CORTE SUPREMA DE JUSTICIA República de Colombia Corte Suprema de Justicia Proceso de Tutela Radicación 74.414 José Vicente Padilla Aguirre CORTE SUPREMA DE JUSTICIA SALA DE CASACIÓN PENAL SALA DE DECISIÓN DE TUTELAS No. 3 PATRICIA SALAZAR CUÉLLAR MAGISTRADA PONENTE STP9094-2014 Radicación No.: 74.414 Acta No.215 Bogotá, D.C., ocho (8) de julio de dos mil catorce (2014) Se pronuncia la Sala sobre la demanda de tutela instaurada por JOSÉ VICENTE PADILLA AGUIRRE, contra la SALA PENAL DEL TRIBUNAL SUPERIOR DE CUNDINAMARCA y el JUZGADO PROMISCUO MUNICIPAL CON FUNCIÓN DE CONOCIMIENTO de Caparrapí, por la presunta vulneración de sus derechos fundamentales.
Al trámite fueron vinculados el JUZGADO CATORCE DE EJECUCIÓN DE PENAS Y MEDIDAS DE SEGURIDAD de Bogotá, el JUZGADO PROMISCUO MUNICIPAL CON FUNCIÓN DE CONTROL DE GARANTÍAS de Yacopí (Cundinamarca), la FISCALÍA LOCAL DELEGADA ANTE LOS JUECES PENALES Y PROMISCUOS MUNICIPALES con competencia en los municipios de Caparrapí, la Palma y Yacopí y la VICTIMA del punible por el cual fue condenado PADILLA AGUIRRE.
ANTECEDENTES Y FUNDAMENTOS DE LA ACCIÓN Por hechos ocurridos el 5 de noviembre de 2010, fue capturado en flagrancia JOSÉ VICENTE PADILLA AGUIRRE, pero de manera posterior fue puesto en libertad. Ante la imposibilidad de ubicarlo, el 16 de febrero de 2011, el Juzgado Promiscuo Municipal de Yacopí con Función de Control de Garantías lo declaró en contumacia y el 17 de marzo siguiente, se llevó a cabo la audiencia de formulación de imputación, donde se le endilgó el reato de hurto calificado y agravado.

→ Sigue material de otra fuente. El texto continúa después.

(* Let $H$ be a $k$-linear semi-Hopf category, let $A$ be a right $H$-comodule category and let $B=A^{{\rm co}H}$. The following are equivalent: (1) ${\rm can}^z_{xy}$ is bijective for all $x,y,z\in X$; (2) for all $x,y\in X$, ${\rm can}^y_{xy}$ is bijective and ${\rm can}^x_{xy}$ has a left inverse; (3) for all $x,y\in X$ there is a $k$-linear map $\gamma_{xy}:H_{xy}\to A_{yx}\otimes_{B_x}A_{xy}$, written $\gamma_{xy}(h)=\sum_i l_i(h)\otimes_{B_x}r_i(h)$, such that for all $h\in H_{xy}$ and $a\in A_{xy}$: $$\sum_i l_i(h)r_i(h)_{[0]}\otimes r_i(h)_{[1]}=1_y\otimes h,\qquad \sum_i a_{[0]}l_i(a_{[1]})\otimes_{B_x}r_i(a_{[1]})=1_x\otimes_{B_x}a.$$ (When these hold, $A$ is called an $H$-Galois category extension of $B$.)
   Context: Let $k$ be a commutative ring; unadorned $\otimes$ is over $k$. A $k$-linear category $A$ with class of objects $X$ consists of $k$-modules $A_{xy}$, associative compositions $A_{xy}\otimes A_{yz}\to A_{xz}$, $a\otimes b\mapsto ab$, and units $1_x\in A_{xx}$. A $k$-linear semi-Hopf category $H$ (objects $X$) is a $k$-linear category in which each $H_{xy}$ is a $k$-coalgebra with $\Delta_{xy}(h)=h_{(1)}\otimes h_{(2)}$ and counit $\varepsilon_{xy}$, such that $\Delta_{xz}(hh')=h_{(1)}h'_{(1)}\otimes h_{(2)}h'_{(2)}$, $\Delta_{xx}(1_x)=1_x\otimes1_x$, $\varepsilon_{xz}(hh')=\varepsilon_{xy}(h)\varepsilon_{yz}(h')$, $\varepsilon_{xx}(1_x)=1$. A right $H$-comodule category is a $k$-linear category $A$ with objects $X$ such that each $A_{xy}$ is a right $H_{xy}$-comodule, $\rho_{xy}(a)=a_{[0]}\otimes a_{[1]}$, with $\rho_{xz}(ab)=a_{[0]}b_{[0]}\otimes a_{[1]}b_{[1]}$ and $\rho_{xx}(1_x)=1_x\otimes1_x$. Its coinvariants are the $k$-algebras $B_x=A^{{\rm co}H}_x=\{a\in A_{xx}\mid\rho_{xx}(a)=a\otimes1_x\}$; $A_{xy}$ is a $B_x$-$B_y$-bimodule by multiplication. The canonical maps are ${\rm can}^z_{xy}:A_{zx}\otimes_{B_x}A_{xy}\to A_{zy}\otimes H_{xy}$, ${\rm can}^z_{xy}(a\otimes_{B_x}a')=aa'_{[0]}\otimes a'_{[1]}$. *)

theory Defs
  imports Main
begin

record ('a, 'k) kmod =
  kcarrier :: "'a set"
  kadd :: "'a \<Rightarrow> 'a \<Rightarrow> 'a"
  kzero :: "'a"
  ksmult :: "'k \<Rightarrow> 'a \<Rightarrow> 'a"

definition is_kmod :: "('a, 'k::comm_ring_1) kmod \<Rightarrow> bool" where
  "is_kmod M \<longleftrightarrow>
     kzero M \<in> kcarrier M \<and>
     (\<forall>x\<in>kcarrier M. \<forall>y\<in>kcarrier M. kadd M x y \<in> kcarrier M) \<and>
     (\<forall>c. \<forall>x\<in>kcarrier M. ksmult M c x \<in> kcarrier M) \<and>
     (\<forall>x\<in>kcarrier M. \<forall>y\<in>kcarrier M. \<forall>z\<in>kcarrier M.
        kadd M (kadd M x y) z = kadd M x (kadd M y z)) \<and>
     (\<forall>x\<in>kcarrier M. \<forall>y\<in>kcarrier M. kadd M x y = kadd M y x) \<and>
     (\<forall>x\<in>kcarrier M. kadd M (kzero M) x = x) \<and>
     (\<forall>x\<in>kcarrier M. \<exists>y\<in>kcarrier M. kadd M x y = kzero M) \<and>
     (\<forall>c. \<forall>x\<in>kcarrier M. \<forall>y\<in>kcarrier M.
        ksmult M c (kadd M x y) = kadd M (ksmult M c x) (ksmult M c y)) \<and>
     (\<forall>c d. \<forall>x\<in>kcarrier M. ksmult M (c + d) x = kadd M (ksmult M c x) (ksmult M d x)) \<and>
     (\<forall>c d. \<forall>x\<in>kcarrier M. ksmult M (c * d) x = ksmult M c (ksmult M d x)) \<and>
     (\<forall>x\<in>kcarrier M. ksmult M 1 x = x)"

definition linmap :: "('a, 'k) kmod \<Rightarrow> ('b, 'k) kmod \<Rightarrow> ('a \<Rightarrow> 'b) \<Rightarrow> bool" where
  "linmap M N f \<longleftrightarrow>
     (\<forall>x\<in>kcarrier M. f x \<in> kcarrier N) \<and>
     (\<forall>x\<in>kcarrier M. \<forall>y\<in>kcarrier M. f (kadd M x y) = kadd N (f x) (f y)) \<and>
     (\<forall>c. \<forall>x\<in>kcarrier M. f (ksmult M c x) = ksmult N c (f x))"

definition ksum :: "('a, 'k) kmod \<Rightarrow> ('i \<Rightarrow> 'a) \<Rightarrow> 'i set \<Rightarrow> 'a" where
  "ksum T g S = Finite_Set.fold (\<lambda>q acc. kadd T (g q) acc) (kzero T) S"

text \<open>
  The tensor product of M and N, balanced with respect to a set Bal of pairs
  (p, q) of elements of M x N (meaning p and q are to be identified), is
  constructed as the free abelian group on pairs (m, n), m in M, n in N,
  modulo biadditivity and the balancing relations.  Elements are cosets of
  finitely supported integer-valued functions on M x N.  The k-action is
  through the left factor.  With Bal = kbal M N this is the tensor product
  over k; adding the relations (m b, n) ~ (m, b n) for b in an algebra B
  gives the tensor product over B.
\<close>

definition delta :: "'p \<Rightarrow> 'p \<Rightarrow> int" where
  "delta p = (\<lambda>q. if q = p then 1 else 0)"

definition tfree :: "('a, 'k) kmod \<Rightarrow> ('b, 'k) kmod \<Rightarrow> ('a \<times> 'b \<Rightarrow> int) set" where
  "tfree M N = {f. finite {p. f p \<noteq> 0} \<and> {p. f p \<noteq> 0} \<subseteq> kcarrier M \<times> kcarrier N}"

inductive_set zspan :: "('p \<Rightarrow> int) set \<Rightarrow> ('p \<Rightarrow> int) set" for S where
  zspan_zero: "(\<lambda>_. 0) \<in> zspan S"
| zspan_gen: "s \<in> S \<Longrightarrow> s \<in> zspan S"
| zspan_diff: "f \<in> zspan S \<Longrightarrow> g \<in> zspan S \<Longrightarrow> (\<lambda>q. f q - g q) \<in> zspan S"

definition trels :: "('a, 'k) kmod \<Rightarrow> ('b, 'k) kmod \<Rightarrow> (('a \<times> 'b) \<times> ('a \<times> 'b)) set
    \<Rightarrow> ('a \<times> 'b \<Rightarrow> int) set" where
  "trels M N Bal =
     {(\<lambda>q. delta (kadd M m m', n) q - delta (m, n) q - delta (m', n) q) | m m' n.
        m \<in> kcarrier M \<and> m' \<in> kcarrier M \<and> n \<in> kcarrier N}
   \<union> {(\<lambda>q. delta (m, kadd N n n') q - delta (m, n) q - delta (m, n') q) | m n n'.
        m \<in> kcarrier M \<and> n \<in> kcarrier N \<and> n' \<in> kcarrier N}
   \<union> {(\<lambda>q. delta p q - delta p' q) | p p'. (p, p') \<in> Bal}"

definition tcls :: "('a, 'k) kmod \<Rightarrow> ('b, 'k) kmod \<Rightarrow> (('a \<times> 'b) \<times> ('a \<times> 'b)) set
    \<Rightarrow> ('a \<times> 'b \<Rightarrow> int) \<Rightarrow> ('a \<times> 'b \<Rightarrow> int) set" where
  "tcls M N Bal f = {g \<in> tfree M N. (\<lambda>q. g q - f q) \<in> zspan (trels M N Bal)}"

definition trep :: "('p \<Rightarrow> int) set \<Rightarrow> ('p \<Rightarrow> int)" where
  "trep t = (SOME f. f \<in> t)"

definition fpush :: "('p \<Rightarrow> 'q) \<Rightarrow> ('p \<Rightarrow> int) \<Rightarrow> ('q \<Rightarrow> int)" where
  "fpush \<phi> f = (\<lambda>r. \<Sum>q\<in>{q. f q \<noteq> 0 \<and> \<phi> q = r}. f q)"

definition tensor :: "('a, 'k) kmod \<Rightarrow> ('b, 'k) kmod \<Rightarrow> (('a \<times> 'b) \<times> ('a \<times> 'b)) set
    \<Rightarrow> (('a \<times> 'b \<Rightarrow> int) set, 'k) kmod" where
  "tensor M N Bal =
     \<lparr> kcarrier = tcls M N Bal ` tfree M N,
       kadd = (\<lambda>t s. tcls M N Bal (\<lambda>q. trep t q + trep s q)),
       kzero = tcls M N Bal (\<lambda>_. 0),
       ksmult = (\<lambda>c t. tcls M N Bal (fpush (\<lambda>(m, n). (ksmult M c m, n)) (trep t))) \<rparr>"

definition tsimple :: "('a, 'k) kmod \<Rightarrow> ('b, 'k) kmod \<Rightarrow> (('a \<times> 'b) \<times> ('a \<times> 'b)) set
    \<Rightarrow> 'a \<Rightarrow> 'b \<Rightarrow> ('a \<times> 'b \<Rightarrow> int) set" where
  "tsimple M N Bal m n = tcls M N Bal (delta (m, n))"

definition tlift :: "('a, 'k::comm_ring_1) kmod \<Rightarrow> ('b, 'k) kmod \<Rightarrow> (('a \<times> 'b) \<times> ('a \<times> 'b)) set
    \<Rightarrow> ('c, 'k) kmod \<Rightarrow> ('a \<times> 'b \<Rightarrow> 'c) \<Rightarrow> ('a \<times> 'b \<Rightarrow> int) set \<Rightarrow> 'c" where
  "tlift M N Bal T \<beta> t =
     (let f = trep t in ksum T (\<lambda>q. ksmult T (of_int (f q)) (\<beta> q)) {q. f q \<noteq> 0})"

definition tmap :: "('a, 'k::comm_ring_1) kmod \<Rightarrow> ('b, 'k) kmod \<Rightarrow> (('a \<times> 'b) \<times> ('a \<times> 'b)) set
    \<Rightarrow> ('c, 'k) kmod \<Rightarrow> ('d, 'k) kmod \<Rightarrow> (('c \<times> 'd) \<times> ('c \<times> 'd)) set
    \<Rightarrow> ('a \<Rightarrow> 'c) \<Rightarrow> ('b \<Rightarrow> 'd) \<Rightarrow> ('a \<times> 'b \<Rightarrow> int) set \<Rightarrow> ('c \<times> 'd \<Rightarrow> int) set" where
  "tmap M N Bal M' N' Bal' f g =
     tlift M N Bal (tensor M' N' Bal') (\<lambda>(m, n). tsimple M' N' Bal' (f m) (g n))"

definition kbal :: "('a, 'k) kmod \<Rightarrow> ('b, 'k) kmod \<Rightarrow> (('a \<times> 'b) \<times> ('a \<times> 'b)) set" where
  "kbal M N = {((ksmult M c m, n), (m, ksmult N c n)) | c m n.
                  m \<in> kcarrier M \<and> n \<in> kcarrier N}"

El 5 de abril de la anualidad que cursaba, se adelantó la diligencia de formulación de acusación y finalizada la etapa de juicio, el 21 de octubre del mismo año, el Juzgado Promiscuo Municipal de Caparrapí, dio lectura a la decisión, de carácter condenatorio, imponiéndole la pena de 108 meses de prisión, como autor del punible referido. Contra esa determinación, el defensor público del sentenciado instauró el recurso de apelación, no obstante, al desatar la alzada, la Sala Penal del Tribunal Superior de Cundinamarca confirmó íntegramente el proveído de primer nivel, sin que contra la determinación del Ad Quem se instaurara recurso alguno. Acude ahora JOSÉ VICENTE PADILLA AGUIRRE a la extraordinaria vía de tutela, acusando la vulneración de sus derechos fundamentales, particularmente los del debido proceso y defensa que le asisten, porque no fue notificado por las autoridades judiciales de las actuaciones que se surtieron en su contra y derivaron en la decisión condenatoria.
Agregó que si bien el apoderado judicial que le fue designado, apeló la sentencia de primer nivel, no ejerció la defensa en debida forma, ni se le dio la oportunidad de acogerse a algún beneficio que hubiera derivado en una condena benigna. Refiere igualmente que solicitó al Juzgado de conocimiento la redosificación de su condena, pero éste le dio traslado al despacho que en la actualidad la vigila, quien negó su petición. Estima que con ese proceder se lesionó la garantía del debido proceso que le asiste.
Por lo anterior, pide al juez de tutela, el amparo de sus derechos fundamentales y en tal razón, que «se revise mi proceso y las garantías al momento de ser condenado», para que luego se declare la nulidad de la actuación y se lleve a cabo un juicio justo en su caso. TRÁMITE Y RESPUESTA DE LAS AUTORIDADES ACCIONADAS El Juez Promiscuo Municipal de Caparrapí indicó que las actuaciones adelantadas al interior del proceso penal que cursó en contra de PADILLA AGUIRRE, fueron llevadas con respeto de sus garantías fundamentales.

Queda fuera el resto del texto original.